▶ **Required action**
Exact copies of the lines from the line containing "r) = (\<Sum>r\<in>S." through the last line of the entries below are the whole answer.

▶ **Data extract**
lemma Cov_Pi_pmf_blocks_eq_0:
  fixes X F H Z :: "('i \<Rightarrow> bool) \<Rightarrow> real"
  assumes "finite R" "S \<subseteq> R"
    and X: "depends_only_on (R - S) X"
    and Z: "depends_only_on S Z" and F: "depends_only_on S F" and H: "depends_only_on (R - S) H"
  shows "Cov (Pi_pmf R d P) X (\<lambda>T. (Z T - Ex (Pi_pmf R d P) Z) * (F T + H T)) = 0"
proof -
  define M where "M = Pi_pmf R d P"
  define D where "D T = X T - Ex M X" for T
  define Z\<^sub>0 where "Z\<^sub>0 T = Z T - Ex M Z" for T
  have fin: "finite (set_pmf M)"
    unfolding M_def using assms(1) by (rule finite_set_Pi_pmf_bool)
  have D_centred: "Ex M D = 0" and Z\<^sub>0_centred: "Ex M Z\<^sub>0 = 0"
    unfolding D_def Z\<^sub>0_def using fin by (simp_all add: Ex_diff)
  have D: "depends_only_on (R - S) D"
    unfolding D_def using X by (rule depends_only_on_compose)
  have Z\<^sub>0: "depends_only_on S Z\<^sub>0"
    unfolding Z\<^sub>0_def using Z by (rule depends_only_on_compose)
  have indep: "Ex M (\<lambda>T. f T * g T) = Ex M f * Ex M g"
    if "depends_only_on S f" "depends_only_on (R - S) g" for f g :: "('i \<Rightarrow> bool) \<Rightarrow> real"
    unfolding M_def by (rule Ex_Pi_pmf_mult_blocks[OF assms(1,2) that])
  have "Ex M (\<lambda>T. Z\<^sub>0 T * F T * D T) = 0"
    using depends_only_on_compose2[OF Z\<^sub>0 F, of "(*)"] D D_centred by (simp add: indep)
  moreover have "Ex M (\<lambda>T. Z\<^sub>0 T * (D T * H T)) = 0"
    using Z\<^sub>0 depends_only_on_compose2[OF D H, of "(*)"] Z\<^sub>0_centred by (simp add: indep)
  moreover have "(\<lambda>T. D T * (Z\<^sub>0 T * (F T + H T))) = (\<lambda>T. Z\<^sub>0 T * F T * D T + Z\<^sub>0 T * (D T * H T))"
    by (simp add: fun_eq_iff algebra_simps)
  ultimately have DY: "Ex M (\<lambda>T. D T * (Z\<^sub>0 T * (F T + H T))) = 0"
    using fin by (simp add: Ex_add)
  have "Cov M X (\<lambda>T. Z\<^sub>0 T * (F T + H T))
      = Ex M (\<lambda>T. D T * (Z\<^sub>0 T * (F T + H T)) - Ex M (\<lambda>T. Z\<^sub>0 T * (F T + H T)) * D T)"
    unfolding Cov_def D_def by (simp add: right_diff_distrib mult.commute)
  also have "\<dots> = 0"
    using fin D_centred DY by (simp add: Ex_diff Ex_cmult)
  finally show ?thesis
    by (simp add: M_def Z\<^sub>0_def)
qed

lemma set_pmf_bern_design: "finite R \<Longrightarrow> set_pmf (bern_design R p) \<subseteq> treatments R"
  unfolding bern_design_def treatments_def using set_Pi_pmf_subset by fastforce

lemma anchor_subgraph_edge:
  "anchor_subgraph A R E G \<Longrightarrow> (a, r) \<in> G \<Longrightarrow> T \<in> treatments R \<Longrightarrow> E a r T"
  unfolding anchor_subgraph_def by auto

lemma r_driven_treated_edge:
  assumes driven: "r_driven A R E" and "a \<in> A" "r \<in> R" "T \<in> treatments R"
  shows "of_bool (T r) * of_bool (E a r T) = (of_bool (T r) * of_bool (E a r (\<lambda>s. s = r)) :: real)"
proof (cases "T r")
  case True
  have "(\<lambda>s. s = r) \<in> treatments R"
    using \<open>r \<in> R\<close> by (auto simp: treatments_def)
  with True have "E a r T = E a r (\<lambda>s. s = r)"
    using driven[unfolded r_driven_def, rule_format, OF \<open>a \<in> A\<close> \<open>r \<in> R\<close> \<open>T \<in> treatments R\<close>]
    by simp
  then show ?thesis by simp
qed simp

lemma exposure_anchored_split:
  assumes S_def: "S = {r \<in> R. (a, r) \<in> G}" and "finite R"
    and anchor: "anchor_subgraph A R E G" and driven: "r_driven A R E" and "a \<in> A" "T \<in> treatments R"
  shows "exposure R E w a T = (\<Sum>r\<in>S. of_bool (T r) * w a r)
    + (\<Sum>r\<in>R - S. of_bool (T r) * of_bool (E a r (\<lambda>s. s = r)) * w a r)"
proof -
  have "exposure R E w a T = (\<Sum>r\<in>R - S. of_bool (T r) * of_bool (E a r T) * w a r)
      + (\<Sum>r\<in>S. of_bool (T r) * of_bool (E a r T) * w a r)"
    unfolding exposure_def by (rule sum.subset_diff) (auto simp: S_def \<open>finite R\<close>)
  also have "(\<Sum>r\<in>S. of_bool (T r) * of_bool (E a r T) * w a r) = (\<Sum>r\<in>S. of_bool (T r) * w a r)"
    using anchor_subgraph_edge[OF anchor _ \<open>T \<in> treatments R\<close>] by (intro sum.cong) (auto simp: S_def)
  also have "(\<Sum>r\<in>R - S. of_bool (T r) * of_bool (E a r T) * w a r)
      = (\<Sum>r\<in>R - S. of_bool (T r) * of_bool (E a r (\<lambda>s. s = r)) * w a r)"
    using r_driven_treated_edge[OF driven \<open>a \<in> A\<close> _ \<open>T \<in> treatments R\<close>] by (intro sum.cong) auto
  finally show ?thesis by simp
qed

▶ **Result of this task**
  also have "(\<Sum>r\<in>S. of_bool (T r) * of_bool (E a r T) * w a r) = (\<Sum>r\<in>S. of_bool (T r) * w a r)"
    using anchor_subgraph_edge[OF anchor _ \<open>T \<in> treatments R\<close>] by (intro sum.cong) (auto simp: S_def)
  also have "(\<Sum>r\<in>R - S. of_bool (T r) * of_bool (E a r T) * w a r)
      = (\<Sum>r\<in>R - S. of_bool (T r) * of_bool (E a r (\<lambda>s. s = r)) * w a r)"
    using r_driven_treated_edge[OF driven \<open>a \<in> A\<close> _ \<open>T \<in> treatments R\<close>] by (intro sum.cong) auto
  finally show ?thesis by simp
qed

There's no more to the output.